The third problem survives the splitting, however. The encoding used by Lizard and many other LZ77 derivatives is remarkably dense under typical input data statistics:

  • Values not exceeding 253 are encoded as a single byte carrying that value.
  • Values exceeding 253 and not exceeding 65535 are encoded as a byte 254 followed by two little-endian bytes carrying the value.
  • Values exceeding 65536 are encoded as a byte 255, followed by three little-endian bytes carrying the value.

Alas, it is not self-synchronizing: it is trivially decodable by scalar code, but no vectorized parser of reasonable complexity can extract multiple values in one go.
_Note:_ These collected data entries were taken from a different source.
(* If $P$ is a simple closed $n$-gon ($n\ge3$) in $\mathbb{R}^2$, then $\mathrm{poldiam}(\mathrm{int}P)\le\lfloor n/2\rfloor+3$ and $\mathrm{poldiam}(\mathrm{ext}P)\le\lfloor n/2\rfloor+3$.
   Context: A simple closed $n$-gon is $P=\bigcup_{i=1}^n[p_{i-1},p_i]$ with distinct vertices $p_0,\dots,p_{n-1}$, $p_n=p_0$, whose edges meet only in common endpoints of consecutive edges. $\mathbb{R}^2\setminus P$ is the disjoint union of the bounded open set $\mathrm{int}P$ and the unbounded open set $\mathrm{ext}P$ (its two components). For $S\subset\mathbb{R}^2$ and $a,b\in S$, $\pi_S(a,b)$ is the smallest number of edges of a polygonal path connecting $a$ to $b$ within $S$ ($\infty$ if none exists), and $\mathrm{poldiam}(S)=\sup\{\pi_S(a,b):a,b\in S\}$. *)

theory Defs
  imports "HOL-Analysis.Analysis" "HOL-Library.Extended_Nat"
begin

definition poly_edge :: "nat \<Rightarrow> (nat \<Rightarrow> real^2) \<Rightarrow> nat \<Rightarrow> (real^2) set" where
  "poly_edge n p i = closed_segment (p i) (p (Suc i mod n))"

definition polygon :: "nat \<Rightarrow> (nat \<Rightarrow> real^2) \<Rightarrow> (real^2) set" where
  "polygon n p = (\<Union>i<n. poly_edge n p i)"

definition simple_closed_polygon :: "nat \<Rightarrow> (nat \<Rightarrow> real^2) \<Rightarrow> bool" where
  "simple_closed_polygon n p \<longleftrightarrow>
     inj_on p {..<n} \<and>
     (\<forall>i<n. \<forall>j<n. i \<noteq> j \<longrightarrow>
        poly_edge n p i \<inter> poly_edge n p j =
          (if j = Suc i mod n then {p j}
           else if i = Suc j mod n then {p i}
           else {}))"

definition polygonal_path_in :: "'a::real_vector set \<Rightarrow> 'a \<Rightarrow> 'a \<Rightarrow> nat \<Rightarrow> bool" where
  "polygonal_path_in S a b k \<longleftrightarrow>
     (\<exists>q::nat \<Rightarrow> 'a. q 0 = a \<and> q k = b \<and> (\<forall>i<k. closed_segment (q i) (q (Suc i)) \<subseteq> S))"

text \<open>pi_S(a,b): least number of edges, infinity if none.\<close>
definition polydist :: "'a::real_vector set \<Rightarrow> 'a \<Rightarrow> 'a \<Rightarrow> enat" where
  "polydist S a b = (INF k\<in>{k. polygonal_path_in S a b k}. enat k)"

definition poldiam :: "'a::real_vector set \<Rightarrow> enat" where
  "poldiam S = (SUP a\<in>S. SUP b\<in>S. polydist S a b)"

end

theory Submission
  imports Defs
begin

text \<open>Push the polygon off itself along the angle bisectors at its vertices, by the same small
amount to either side. This gives two closed polygonal chains avoiding \<open>P\<close>, so each lies in
a single component of the complement. Every point off \<open>P\<close> sees, by one segment, a point from
which both endpoints of some edge of one of the two chains are visible. Since the complement of
\<open>P\<close> is disconnected (Jordan), the two chains lie in different components, which are therefore
\<open>int P\<close> and \<open>ext P\<close>. Two points of the same component are joined through their chain: two
segments to reach it, at most \<open>\<lfloor>n/2\<rfloor> - 1\<close> of its edges going round the shorter way, and two
segments to leave it.\<close>

section \<open>Polygonal paths\<close>

lemma polygonal_path_in_segment: "closed_segment a b \<subseteq> S \<Longrightarrow> polygonal_path_in S a b 1"
  unfolding polygonal_path_in_def by (intro exI[of _ "\<lambda>i. if i = 0 then a else b"]) auto

lemma polygonal_path_in_chain:
  "(\<And>i. i < m \<Longrightarrow> closed_segment (f i) (f (Suc i)) \<subseteq> S) \<Longrightarrow> polygonal_path_in S (f 0) (f m) m"
  unfolding polygonal_path_in_def by (intro exI[of _ f]) auto

lemma polygonal_path_in_trans:
  assumes "polygonal_path_in S a b k" "polygonal_path_in S b c l"
  shows "polygonal_path_in S a c (k + l)"
proof -
  obtain q where q: "q 0 = a" "q k = b" "\<And>i. i < k \<Longrightarrow> closed_segment (q i) (q (Suc i)) \<subseteq> S"
    using assms(1) unfolding polygonal_path_in_def by blast
  obtain r where r: "r 0 = b" "r l = c" "\<And>i. i < l \<Longrightarrow> closed_segment (r i) (r (Suc i)) \<subseteq> S"
    using assms(2) unfolding polygonal_path_in_def by blast
  define z where "z i = (if i \<le> k then q i else r (i - k))" for i
  have "closed_segment (z i) (z (Suc i)) \<subseteq> S" if i: "i < k + l" for i
  proof (cases "i < k")
    case True
    then show ?thesis using q(3)[OF True] unfolding z_def by auto
  next
    case False
    then have "i - k < l" "Suc i - k = Suc (i - k)" using i by auto
    moreover have "z i = r (i - k)" using False q(2) r(1) unfolding z_def by (cases "i = k") auto
    ultimately show ?thesis using r(3) False unfolding z_def by auto
  qed
  moreover have "z 0 = a" "z (k + l) = c" using q r unfolding z_def by auto
  ultimately show ?thesis unfolding polygonal_path_in_def by blast
qed

lemma polygonal_path_in_le:
  assumes "polygonal_path_in S a b k" "b \<in> S" "k \<le> K"
  shows "polygonal_path_in S a b K"
proof -
  have "polygonal_path_in S b b (K - k)"
    unfolding polygonal_path_in_def using assms(2) by (intro exI[of _ "\<lambda>i. b"]) auto
  then show ?thesis using polygonal_path_in_trans[OF assms(1)] assms(3) by fastforce
qed

lemma polydist_le: "polygonal_path_in S a b k \<Longrightarrow> polydist S a b \<le> enat k"
  unfolding polydist_def by (rule INF_lower) simp

lemma poldiam_le: "(\<And>a b. a \<in> S \<Longrightarrow> b \<in> S \<Longrightarrow> polydist S a b \<le> B) \<Longrightarrow> poldiam S \<le> B"
  unfolding poldiam_def by (intro SUP_least) auto

lemma mod_add_distance:
  assumes "0 < (n::nat)"
  obtains D where "D < n" "(i + D) mod n = j mod n"
proof
  define D where "D = (j mod n + n - i mod n) mod n"
  show "D < n" unfolding D_def using assms by simp
  have "(i + D) mod n = (i mod n + (j mod n + n - i mod n)) mod n"
    unfolding D_def by (simp add: mod_add_left_eq mod_add_right_eq)
  also have "i mod n + (j mod n + n - i mod n) = j mod n + n"
    using mod_less_divisor[OF assms, of i] by arith
  finally show "(i + D) mod n = j mod n" by simp
qed

lemma polygonal_path_in_cyclic:
  fixes W :: "nat \<Rightarrow> 'a::real_vector"
  assumes "2 \<le> n"
    and segs: "\<And>k. closed_segment (W k) (W (Suc k)) \<subseteq> S"
    and periodic: "\<And>i j. i mod n = j mod n \<Longrightarrow> W i = W j"
  obtains i' j' m where "i' = i \<or> i' = Suc i" "j' = j \<or> j' = Suc j" "m + 1 \<le> n div 2"
    "polygonal_path_in S (W i') (W j') m"
proof -
  obtain D where D: "D < n" "(i + D) mod n = j mod n"
    using mod_add_distance[of n i j] assms(1) by auto
  consider (zero) "D = 0" | (forward) "1 \<le> D" "D \<le> n div 2" | (backward) "n div 2 < D" by linarith
  then show ?thesis
  proof cases
    case zero
    then have "W (Suc i) = W (Suc j)" using D(2) by (intro periodic) (metis add_0_right mod_Suc_eq)
    moreover have "polygonal_path_in S (W (Suc i)) (W (Suc i)) 0"
      unfolding polygonal_path_in_def by (intro exI[of _ "\<lambda>_. W (Suc i)"]) auto
    moreover have "0 + 1 \<le> n div 2" using assms(1) by simp
    ultimately show ?thesis by (intro that[of "Suc i" "Suc j" 0]) auto
  next
    case forward
    have "polygonal_path_in S (W (Suc i + 0)) (W (Suc i + (D - 1))) (D - 1)"
      by (rule polygonal_path_in_chain) (simp add: segs)
    moreover have "W (Suc i + (D - 1)) = W j" using forward D(2) by (intro periodic) simp
    ultimately show ?thesis using forward by (intro that[of "Suc i" j "D - 1"]) auto
  next
    case backward
    define m where "m = n - D - 1"
    have "polygonal_path_in S (W (i + n - 0)) (W (i + n - m)) m"
    proof (rule polygonal_path_in_chain)
      fix k assume "k < m"
      then have "i + n - k = Suc (i + n - Suc k)" unfolding m_def by simp
      then show "closed_segment (W (i + n - k)) (W (i + n - Suc k)) \<subseteq> S"
        using segs[of "i + n - Suc k"] by (simp add: closed_segment_commute)
    qed
    moreover have "W (i + n - 0) = W i" by (intro periodic) simp
    moreover have "W (i + n - m) = W (Suc j)"
    proof (rule periodic)
      have "i + n - m = Suc (i + D)" unfolding m_def using D(1) backward by simp
      then show "(i + n - m) mod n = Suc j mod n" using D(2) by (metis mod_Suc_eq)
    qed
    moreover have "m + 1 \<le> n div 2" unfolding m_def using backward D(1) by linarith
    ultimately show ?thesis using that by auto
  qed
qed

lemma eventually_at_right_0_affine_pos:
  fixes b c :: real
  assumes "0 \<le> c" and "0 < c \<or> 0 < b"
  shows "\<forall>\<^sub>F s in at_right 0. 0 < c + s * b"
proof (cases "0 < c")
  case True
  have "((\<lambda>s. c + s * b) \<longlongrightarrow> c + 0 * b) (at_right 0)" by (intro tendsto_intros)
  then show ?thesis using True by (auto dest: order_tendstoD(1))
next
  case False
  then show ?thesis using assms eventually_at_right_less[of 0] by (auto elim: eventually_mono)
qed

lemma eventually_at_right_0_norm_scaleR_less:
  fixes v :: "'a::real_normed_vector"
  assumes "0 < d"
  shows "\<forall>\<^sub>F s in at_right 0. norm (s *\<^sub>R v) < d"
proof -
  have "((\<lambda>s. norm (s *\<^sub>R v)) \<longlongrightarrow> norm ((0::real) *\<^sub>R v)) (at_right 0)" by (intro tendsto_intros)
  then show ?thesis using assms by (auto dest: order_tendstoD(2))
qed

lemma convex_comb_pos: "(a::real) > 0 \<Longrightarrow> b > 0 \<Longrightarrow> 0 \<le> u \<Longrightarrow> u \<le> 1 \<Longrightarrow> (1-u)*a + u*b > 0"
  by (cases "u = 0") (auto intro: add_nonneg_pos add_pos_nonneg)

lemma inner_add_one_pos:
  fixes a b :: "'a::real_inner"
  assumes "a \<bullet> a = 1" "b \<bullet> b = 1" "a + b \<noteq> 0"
  shows "0 < a \<bullet> b + 1"
proof -
  have "(a + b) \<bullet> (a + b) = 2 * (a \<bullet> b + 1)"
    using assms by (simp add: inner_add_left inner_add_right inner_commute)
  moreover have "0 < (a + b) \<bullet> (a + b)" using assms(3) by simp
  ultimately show ?thesis by simp
qed

lemma first_hit_segment:
  fixes a q :: "'a::real_normed_vector"
  assumes "closed S" "q \<in> S" "a \<notin> S"
  obtains h where "h \<in> closed_segment a q" "h \<in> S"
    "\<And>s. 0 < s \<Longrightarrow> s \<le> 1 \<Longrightarrow> closed_segment a (h + s *\<^sub>R (a - h)) \<inter> S = {}"
proof -
  define f where "f t = a + t *\<^sub>R (q - a)" for t :: real
  define T where "T = {0..1} \<inter> f -` S"
  have "closed (f -` S)"
    using assms(1) unfolding f_def by (intro continuous_closed_vimage) (auto intro!: continuous_intros)
  then have "compact T" unfolding T_def by (intro compact_Int_closed) auto
  moreover have "1 \<in> T" unfolding T_def f_def using assms(2) by simp
  ultimately obtain t0 where t0: "t0 \<in> T" "\<And>t. t \<in> T \<Longrightarrow> t0 \<le> t"
    using compact_attains_inf[of T] by auto
  then have t0_bounds: "0 \<le> t0" "t0 \<le> 1" and "f t0 \<in> S" unfolding T_def by auto
  have below: "f t \<notin> S" if "0 \<le> t" "t < t0" for t
  proof
    assume "f t \<in> S"
    then have "t \<in> T" using that t0_bounds unfolding T_def by auto
    then show False using t0(2) that by fastforce
  qed
  have "t0 \<noteq> 0" using \<open>f t0 \<in> S\<close> assms(3) unfolding f_def by auto
  then have "0 < t0" using t0_bounds by simp
  show ?thesis
  proof (rule that[of "f t0"])
    show "f t0 \<in> closed_segment a q"
      unfolding f_def in_segment using t0_bounds by (intro exI[of _ t0]) (simp add: algebra_simps)
    show "f t0 \<in> S" by fact
    fix s :: real assume s: "0 < s" "s \<le> 1"
    have "(1 - \<mu>) *\<^sub>R a + \<mu> *\<^sub>R (f t0 + s *\<^sub>R (a - f t0)) \<notin> S" if \<mu>: "0 \<le> \<mu>" "\<mu> \<le> 1" for \<mu>
    proof -
      have "\<mu> * ((1 - s) * t0) \<le> (1 - s) * t0"
        using \<mu> s t0_bounds by (simp add: mult_left_le_one_le)
      moreover have "(1 - s) * t0 < t0" using s \<open>0 < t0\<close> by simp
      moreover have "0 \<le> \<mu> * ((1 - s) * t0)" using \<mu> s t0_bounds by simp
      ultimately have "f (\<mu> * ((1 - s) * t0)) \<notin> S" by (intro below) linarith+
      moreover have "(1 - \<mu>) *\<^sub>R a + \<mu> *\<^sub>R (f t0 + s *\<^sub>R (a - f t0)) = f (\<mu> * ((1 - s) * t0))"
        unfolding f_def by (simp add: algebra_simps)
      ultimately show ?thesis by simp
    qed
    then show "closed_segment a (f t0 + s *\<^sub>R (a - f t0)) \<inter> S = {}"
      by (fastforce simp: in_segment)
  qed
qed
There is no way but to change the encoding, constituting another incompatibility with Lizard.

From base256 to base254

Many candidates for a self-synchronizing varuint encoding exist, but to keep the density of the original encoding, the prefix scheme is retained. The decoding ambiguity is caused by the presence of the 254 and 255 bytes in the payload, so these are prohibited from occurring there. This step effectively transforms the original encoding from base256 into base254. The encodable range drops from 16777216 to 16387064, but since these values encode run lengths, the entire 24-bit range is not strictly required. We need just as much capacity as necessary for compact encoding of typically occurring run lengths, and almost 16-megabyte-long runs are hardly seen in practice. If the capacity were insufficient, Iguana (and Lizard, just slightly later) would emit two or more tokens to cover the excessively long run. The bitstream remains valid, so it is not a big deal.

From tables to ranges (or: tANS to rANS)

Concerning the fourth problem, saturating the memory bus with massive amounts of gather/scatter requests and competing for cache capacity with the actual data being processed is precisely what should be avoided at all costs in a high-performance scenario. Luckily, tANS has an older sibling, the rANS or range ANS in full form. It is conceptually exquisite and enjoys a compact implementation. However, its author does not praise it enough due to its heavy demand for efficient integer multiplication hardware. But not only do the AVX-512-capable processors have efficient vectorized multipliers, these multipliers operate independently from the load/store units.

Final words and Future plans

Iguana is a part of the open-source Sneller so you can check it out if you are interested in the details. In addition to the optimized AVX-512 assembly implementation, it also contains a reference implementation written fully in Go.

We are using the Iguana compression already in Sneller Cloud for very fast and efficient log analysis. We are planning on releasing it as a standalone compression library for Golang in the near future.

Appendix A: Benchmarking

Two forms of benchmarking are relevant for comparative performance analysis. One is to rely on a standardized input, and currently, the Silesia corpus is the weapon of choice. The zstd and lz4 command line tools have a built-in option ‘-b’. Since Iguana still lacks a stand-alone compression utility, Phil Hofer created the compbench program to allow performance comparison. Using the tool is as simple as:

$ go install github.com/SnellerInc/compbench@latest
$ compbench

Note that currently, Iguana depends on the AVX-512 instruction set with the VBMI2 extension. In the absence thereof, a scalar, non-optimized reference implementation in Go is activated, and the results — while still correct — would be somewhat far from the depicted values in terms of performance. A variant not relying on the VBMI2 extension is now subject to code review, so running the decompressor on any AVX-512-capable machine will soon be possible, including Skylake-X. The early benchmarking figures are encouraging, suggesting that no less than 90% of the VBMI2 performance is to be recovered. However, we plan to stop there, as the AVX-512 support is required by the Sneller product anyway.

While Iguana performs (surprisingly) well in the universal compression case, the other benchmarking form takes the ION context into account. Sneller can use both zstd and Iguana to compress the data sets, so a comparative benchmark is available in the zion directory: go test -bench . The zion data format usually gives Iguana roughly 50% higher decompression performance and compression ratio than in the Silesia case.